YOUR GOAL: Give again, exactly as written, each line of the material below starting at the line that contains "using e(1) z" and ending at the line that contains "using Y by (rule mm_space_Metric_space)". Both ends count, and no other line does.

MATERIAL PROVIDED:
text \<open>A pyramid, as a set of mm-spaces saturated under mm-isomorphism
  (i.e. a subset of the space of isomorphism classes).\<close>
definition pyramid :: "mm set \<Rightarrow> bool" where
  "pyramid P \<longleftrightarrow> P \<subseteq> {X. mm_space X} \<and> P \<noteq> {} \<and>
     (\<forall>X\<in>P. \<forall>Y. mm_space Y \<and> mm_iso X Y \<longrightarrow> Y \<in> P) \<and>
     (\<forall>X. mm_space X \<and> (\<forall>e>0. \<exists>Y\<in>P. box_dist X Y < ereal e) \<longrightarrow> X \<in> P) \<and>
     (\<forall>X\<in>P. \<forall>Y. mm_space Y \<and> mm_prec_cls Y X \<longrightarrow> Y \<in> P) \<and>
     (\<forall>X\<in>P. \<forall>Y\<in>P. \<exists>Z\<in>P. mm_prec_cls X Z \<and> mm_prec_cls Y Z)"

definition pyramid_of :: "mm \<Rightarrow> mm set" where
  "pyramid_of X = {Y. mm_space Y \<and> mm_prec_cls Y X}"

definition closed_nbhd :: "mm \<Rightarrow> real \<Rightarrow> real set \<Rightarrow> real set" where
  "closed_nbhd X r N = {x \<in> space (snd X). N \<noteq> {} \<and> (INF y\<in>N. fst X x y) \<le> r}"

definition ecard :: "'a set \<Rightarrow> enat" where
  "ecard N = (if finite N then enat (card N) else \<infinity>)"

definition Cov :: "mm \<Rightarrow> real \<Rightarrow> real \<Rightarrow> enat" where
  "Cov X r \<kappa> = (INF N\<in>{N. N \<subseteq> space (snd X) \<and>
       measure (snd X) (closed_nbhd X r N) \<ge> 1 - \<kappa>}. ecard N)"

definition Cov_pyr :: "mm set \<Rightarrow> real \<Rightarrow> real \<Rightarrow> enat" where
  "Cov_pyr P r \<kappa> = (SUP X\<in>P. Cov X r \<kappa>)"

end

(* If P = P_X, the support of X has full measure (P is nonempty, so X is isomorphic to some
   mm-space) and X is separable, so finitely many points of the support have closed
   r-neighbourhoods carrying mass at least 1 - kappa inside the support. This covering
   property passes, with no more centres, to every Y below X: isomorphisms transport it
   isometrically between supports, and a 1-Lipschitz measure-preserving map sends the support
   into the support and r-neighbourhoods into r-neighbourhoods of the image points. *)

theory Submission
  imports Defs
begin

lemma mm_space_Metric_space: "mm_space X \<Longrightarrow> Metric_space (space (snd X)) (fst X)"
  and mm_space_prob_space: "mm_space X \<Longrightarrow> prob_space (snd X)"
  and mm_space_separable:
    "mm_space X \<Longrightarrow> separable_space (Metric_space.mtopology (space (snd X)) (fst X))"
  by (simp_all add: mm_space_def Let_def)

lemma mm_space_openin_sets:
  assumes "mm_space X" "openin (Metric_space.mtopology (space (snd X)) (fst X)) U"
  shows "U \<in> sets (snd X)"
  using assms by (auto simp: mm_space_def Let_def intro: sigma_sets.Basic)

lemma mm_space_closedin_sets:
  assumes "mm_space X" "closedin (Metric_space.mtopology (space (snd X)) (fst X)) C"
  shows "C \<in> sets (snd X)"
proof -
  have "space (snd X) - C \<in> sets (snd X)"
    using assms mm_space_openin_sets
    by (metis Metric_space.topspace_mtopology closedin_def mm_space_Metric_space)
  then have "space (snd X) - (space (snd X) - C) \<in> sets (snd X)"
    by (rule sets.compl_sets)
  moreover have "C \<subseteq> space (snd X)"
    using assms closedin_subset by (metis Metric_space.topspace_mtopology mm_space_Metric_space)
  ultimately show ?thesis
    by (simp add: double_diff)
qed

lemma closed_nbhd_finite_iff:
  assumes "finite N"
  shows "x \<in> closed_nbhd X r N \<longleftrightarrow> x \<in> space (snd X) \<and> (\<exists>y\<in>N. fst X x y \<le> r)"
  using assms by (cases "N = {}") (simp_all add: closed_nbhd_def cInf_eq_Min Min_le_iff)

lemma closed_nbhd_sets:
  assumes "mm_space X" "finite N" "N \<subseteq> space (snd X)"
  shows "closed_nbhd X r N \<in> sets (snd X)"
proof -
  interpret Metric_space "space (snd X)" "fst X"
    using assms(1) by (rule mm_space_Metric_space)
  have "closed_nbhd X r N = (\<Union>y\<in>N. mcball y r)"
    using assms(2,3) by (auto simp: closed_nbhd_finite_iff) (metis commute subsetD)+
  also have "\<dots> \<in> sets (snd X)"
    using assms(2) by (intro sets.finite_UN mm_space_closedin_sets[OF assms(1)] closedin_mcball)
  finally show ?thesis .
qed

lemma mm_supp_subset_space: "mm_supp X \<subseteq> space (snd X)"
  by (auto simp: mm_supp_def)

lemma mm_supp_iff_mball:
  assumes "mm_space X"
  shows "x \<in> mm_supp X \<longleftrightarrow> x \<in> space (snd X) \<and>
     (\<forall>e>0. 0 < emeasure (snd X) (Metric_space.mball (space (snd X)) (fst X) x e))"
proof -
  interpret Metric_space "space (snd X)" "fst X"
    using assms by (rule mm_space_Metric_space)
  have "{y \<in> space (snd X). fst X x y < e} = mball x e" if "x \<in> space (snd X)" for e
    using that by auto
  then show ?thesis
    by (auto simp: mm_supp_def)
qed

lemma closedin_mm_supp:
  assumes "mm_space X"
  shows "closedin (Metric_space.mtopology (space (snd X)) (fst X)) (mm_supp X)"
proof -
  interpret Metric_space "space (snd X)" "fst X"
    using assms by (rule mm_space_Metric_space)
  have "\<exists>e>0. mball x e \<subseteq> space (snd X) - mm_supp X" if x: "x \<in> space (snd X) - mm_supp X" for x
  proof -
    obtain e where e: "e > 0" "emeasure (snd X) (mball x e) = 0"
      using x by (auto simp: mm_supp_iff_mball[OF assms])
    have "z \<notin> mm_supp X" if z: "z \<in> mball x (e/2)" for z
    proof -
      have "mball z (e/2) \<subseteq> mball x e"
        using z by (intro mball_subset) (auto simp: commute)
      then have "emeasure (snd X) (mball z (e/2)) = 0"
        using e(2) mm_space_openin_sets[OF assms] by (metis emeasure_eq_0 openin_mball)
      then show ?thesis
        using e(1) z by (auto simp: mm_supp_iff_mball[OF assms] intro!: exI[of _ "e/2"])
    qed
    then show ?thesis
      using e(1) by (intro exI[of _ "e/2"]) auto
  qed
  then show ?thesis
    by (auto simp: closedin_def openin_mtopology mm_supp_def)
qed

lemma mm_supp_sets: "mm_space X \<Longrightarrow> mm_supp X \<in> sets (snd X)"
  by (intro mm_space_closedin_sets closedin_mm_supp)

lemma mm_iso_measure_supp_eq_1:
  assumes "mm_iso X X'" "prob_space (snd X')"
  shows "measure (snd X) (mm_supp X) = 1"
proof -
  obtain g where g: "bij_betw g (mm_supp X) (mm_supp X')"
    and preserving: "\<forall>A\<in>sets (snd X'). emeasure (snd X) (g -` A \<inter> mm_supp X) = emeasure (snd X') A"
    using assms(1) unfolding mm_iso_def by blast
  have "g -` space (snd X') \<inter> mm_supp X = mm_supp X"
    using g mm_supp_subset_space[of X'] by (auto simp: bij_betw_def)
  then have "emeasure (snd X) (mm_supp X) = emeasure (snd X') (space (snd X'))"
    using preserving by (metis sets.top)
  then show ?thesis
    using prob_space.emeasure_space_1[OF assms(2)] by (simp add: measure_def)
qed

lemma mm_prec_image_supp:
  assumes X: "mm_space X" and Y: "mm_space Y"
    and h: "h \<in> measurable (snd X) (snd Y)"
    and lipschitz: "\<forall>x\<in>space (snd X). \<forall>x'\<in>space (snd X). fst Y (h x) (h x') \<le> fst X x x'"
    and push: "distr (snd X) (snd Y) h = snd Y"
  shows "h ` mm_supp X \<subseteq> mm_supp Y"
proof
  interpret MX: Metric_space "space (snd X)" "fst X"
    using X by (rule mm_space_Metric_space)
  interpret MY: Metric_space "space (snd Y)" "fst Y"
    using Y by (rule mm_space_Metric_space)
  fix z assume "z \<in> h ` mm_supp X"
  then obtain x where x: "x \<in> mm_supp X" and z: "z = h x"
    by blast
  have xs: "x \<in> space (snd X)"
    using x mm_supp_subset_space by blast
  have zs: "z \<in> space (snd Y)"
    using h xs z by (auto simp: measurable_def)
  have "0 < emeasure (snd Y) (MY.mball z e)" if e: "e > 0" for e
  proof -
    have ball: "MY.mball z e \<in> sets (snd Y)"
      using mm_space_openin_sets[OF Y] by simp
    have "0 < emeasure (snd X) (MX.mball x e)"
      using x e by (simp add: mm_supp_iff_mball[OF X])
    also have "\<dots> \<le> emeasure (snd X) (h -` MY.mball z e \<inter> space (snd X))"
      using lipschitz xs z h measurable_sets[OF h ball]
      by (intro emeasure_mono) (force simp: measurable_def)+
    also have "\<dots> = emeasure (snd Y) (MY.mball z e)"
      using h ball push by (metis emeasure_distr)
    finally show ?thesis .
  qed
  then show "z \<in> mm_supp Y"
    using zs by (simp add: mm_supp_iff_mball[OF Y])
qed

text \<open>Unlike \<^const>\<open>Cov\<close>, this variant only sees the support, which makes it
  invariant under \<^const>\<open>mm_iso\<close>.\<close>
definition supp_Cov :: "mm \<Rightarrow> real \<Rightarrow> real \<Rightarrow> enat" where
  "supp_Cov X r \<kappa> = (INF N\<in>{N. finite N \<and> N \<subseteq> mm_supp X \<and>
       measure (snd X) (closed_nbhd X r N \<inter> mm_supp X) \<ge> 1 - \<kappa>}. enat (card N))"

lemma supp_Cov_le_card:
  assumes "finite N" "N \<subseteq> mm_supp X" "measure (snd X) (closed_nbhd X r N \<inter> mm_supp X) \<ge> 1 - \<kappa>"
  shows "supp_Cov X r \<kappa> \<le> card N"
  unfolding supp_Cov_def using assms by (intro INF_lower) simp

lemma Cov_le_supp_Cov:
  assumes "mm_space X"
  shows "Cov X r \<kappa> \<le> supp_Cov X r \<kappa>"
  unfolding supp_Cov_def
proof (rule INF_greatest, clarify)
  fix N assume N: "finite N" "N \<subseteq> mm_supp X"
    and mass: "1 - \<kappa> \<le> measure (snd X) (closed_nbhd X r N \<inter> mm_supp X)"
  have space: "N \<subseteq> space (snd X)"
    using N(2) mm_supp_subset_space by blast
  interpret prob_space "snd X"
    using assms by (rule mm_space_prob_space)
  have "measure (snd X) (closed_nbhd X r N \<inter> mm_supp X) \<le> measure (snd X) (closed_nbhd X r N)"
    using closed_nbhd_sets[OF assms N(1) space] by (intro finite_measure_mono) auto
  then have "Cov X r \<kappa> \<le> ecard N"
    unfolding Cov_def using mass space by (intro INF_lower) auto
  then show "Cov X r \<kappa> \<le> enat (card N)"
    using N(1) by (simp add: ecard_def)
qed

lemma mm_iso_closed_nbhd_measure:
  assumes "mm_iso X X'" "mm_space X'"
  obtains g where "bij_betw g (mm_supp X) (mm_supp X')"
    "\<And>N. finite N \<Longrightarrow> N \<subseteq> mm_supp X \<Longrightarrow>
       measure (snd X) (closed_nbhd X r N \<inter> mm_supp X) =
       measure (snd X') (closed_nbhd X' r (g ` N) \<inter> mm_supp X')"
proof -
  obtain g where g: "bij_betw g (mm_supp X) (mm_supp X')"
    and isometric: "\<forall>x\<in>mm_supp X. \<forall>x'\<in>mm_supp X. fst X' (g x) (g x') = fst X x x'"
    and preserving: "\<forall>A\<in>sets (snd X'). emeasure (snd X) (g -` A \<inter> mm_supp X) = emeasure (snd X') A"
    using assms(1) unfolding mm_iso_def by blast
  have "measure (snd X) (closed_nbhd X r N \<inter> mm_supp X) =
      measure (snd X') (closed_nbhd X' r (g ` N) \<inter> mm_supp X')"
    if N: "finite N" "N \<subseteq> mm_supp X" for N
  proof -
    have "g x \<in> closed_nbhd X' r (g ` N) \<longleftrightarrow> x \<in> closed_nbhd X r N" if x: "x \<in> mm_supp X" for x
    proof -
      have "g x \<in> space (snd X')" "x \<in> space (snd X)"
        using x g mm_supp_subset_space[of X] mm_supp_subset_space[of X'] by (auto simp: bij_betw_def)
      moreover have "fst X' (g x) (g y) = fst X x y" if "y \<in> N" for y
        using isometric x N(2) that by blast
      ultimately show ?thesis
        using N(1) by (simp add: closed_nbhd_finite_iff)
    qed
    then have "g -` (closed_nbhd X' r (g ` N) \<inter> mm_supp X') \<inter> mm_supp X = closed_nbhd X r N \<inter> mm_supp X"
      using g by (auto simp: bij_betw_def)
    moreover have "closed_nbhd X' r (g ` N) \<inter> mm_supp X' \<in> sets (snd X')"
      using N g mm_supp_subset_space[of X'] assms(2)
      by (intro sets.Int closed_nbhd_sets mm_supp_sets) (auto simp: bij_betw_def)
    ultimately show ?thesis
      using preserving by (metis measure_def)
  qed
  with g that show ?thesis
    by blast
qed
==
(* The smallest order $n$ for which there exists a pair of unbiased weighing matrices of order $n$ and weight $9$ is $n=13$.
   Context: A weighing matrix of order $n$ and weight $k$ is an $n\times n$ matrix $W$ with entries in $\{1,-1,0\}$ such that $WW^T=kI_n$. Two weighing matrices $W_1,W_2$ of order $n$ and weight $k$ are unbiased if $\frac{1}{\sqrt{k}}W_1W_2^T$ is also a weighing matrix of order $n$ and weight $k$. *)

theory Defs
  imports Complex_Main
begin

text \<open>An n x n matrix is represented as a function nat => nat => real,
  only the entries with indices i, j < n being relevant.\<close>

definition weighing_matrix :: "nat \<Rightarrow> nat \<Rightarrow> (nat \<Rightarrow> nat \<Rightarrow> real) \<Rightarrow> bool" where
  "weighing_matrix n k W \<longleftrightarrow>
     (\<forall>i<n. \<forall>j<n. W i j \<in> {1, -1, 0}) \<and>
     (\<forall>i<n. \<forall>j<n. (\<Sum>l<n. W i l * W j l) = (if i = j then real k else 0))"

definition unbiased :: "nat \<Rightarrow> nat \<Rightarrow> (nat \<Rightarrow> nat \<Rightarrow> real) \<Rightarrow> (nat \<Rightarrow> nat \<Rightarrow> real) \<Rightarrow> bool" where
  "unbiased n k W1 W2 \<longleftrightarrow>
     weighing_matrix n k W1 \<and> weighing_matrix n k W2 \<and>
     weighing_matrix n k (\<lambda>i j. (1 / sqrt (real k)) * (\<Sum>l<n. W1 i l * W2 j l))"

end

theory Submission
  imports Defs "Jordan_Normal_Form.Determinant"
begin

TASK SOLUTION:
        using e(1) z by (auto simp: mm_supp_iff_mball[OF assms] intro!: exI[of _ "e/2"])
    qed
    then show ?thesis
      using e(1) by (intro exI[of _ "e/2"]) auto
  qed
  then show ?thesis
    by (auto simp: closedin_def openin_mtopology mm_supp_def)
qed

lemma mm_supp_sets: "mm_space X \<Longrightarrow> mm_supp X \<in> sets (snd X)"
  by (intro mm_space_closedin_sets closedin_mm_supp)

lemma mm_iso_measure_supp_eq_1:
  assumes "mm_iso X X'" "prob_space (snd X')"
  shows "measure (snd X) (mm_supp X) = 1"
proof -
  obtain g where g: "bij_betw g (mm_supp X) (mm_supp X')"
    and preserving: "\<forall>A\<in>sets (snd X'). emeasure (snd X) (g -` A \<inter> mm_supp X) = emeasure (snd X') A"
    using assms(1) unfolding mm_iso_def by blast
  have "g -` space (snd X') \<inter> mm_supp X = mm_supp X"
    using g mm_supp_subset_space[of X'] by (auto simp: bij_betw_def)
  then have "emeasure (snd X) (mm_supp X) = emeasure (snd X') (space (snd X'))"
    using preserving by (metis sets.top)
  then show ?thesis
    using prob_space.emeasure_space_1[OF assms(2)] by (simp add: measure_def)
qed

lemma mm_prec_image_supp:
  assumes X: "mm_space X" and Y: "mm_space Y"
    and h: "h \<in> measurable (snd X) (snd Y)"
    and lipschitz: "\<forall>x\<in>space (snd X). \<forall>x'\<in>space (snd X). fst Y (h x) (h x') \<le> fst X x x'"
    and push: "distr (snd X) (snd Y) h = snd Y"
  shows "h ` mm_supp X \<subseteq> mm_supp Y"
proof
  interpret MX: Metric_space "space (snd X)" "fst X"
    using X by (rule mm_space_Metric_space)
  interpret MY: Metric_space "space (snd Y)" "fst Y"
    using Y by (rule mm_space_Metric_space)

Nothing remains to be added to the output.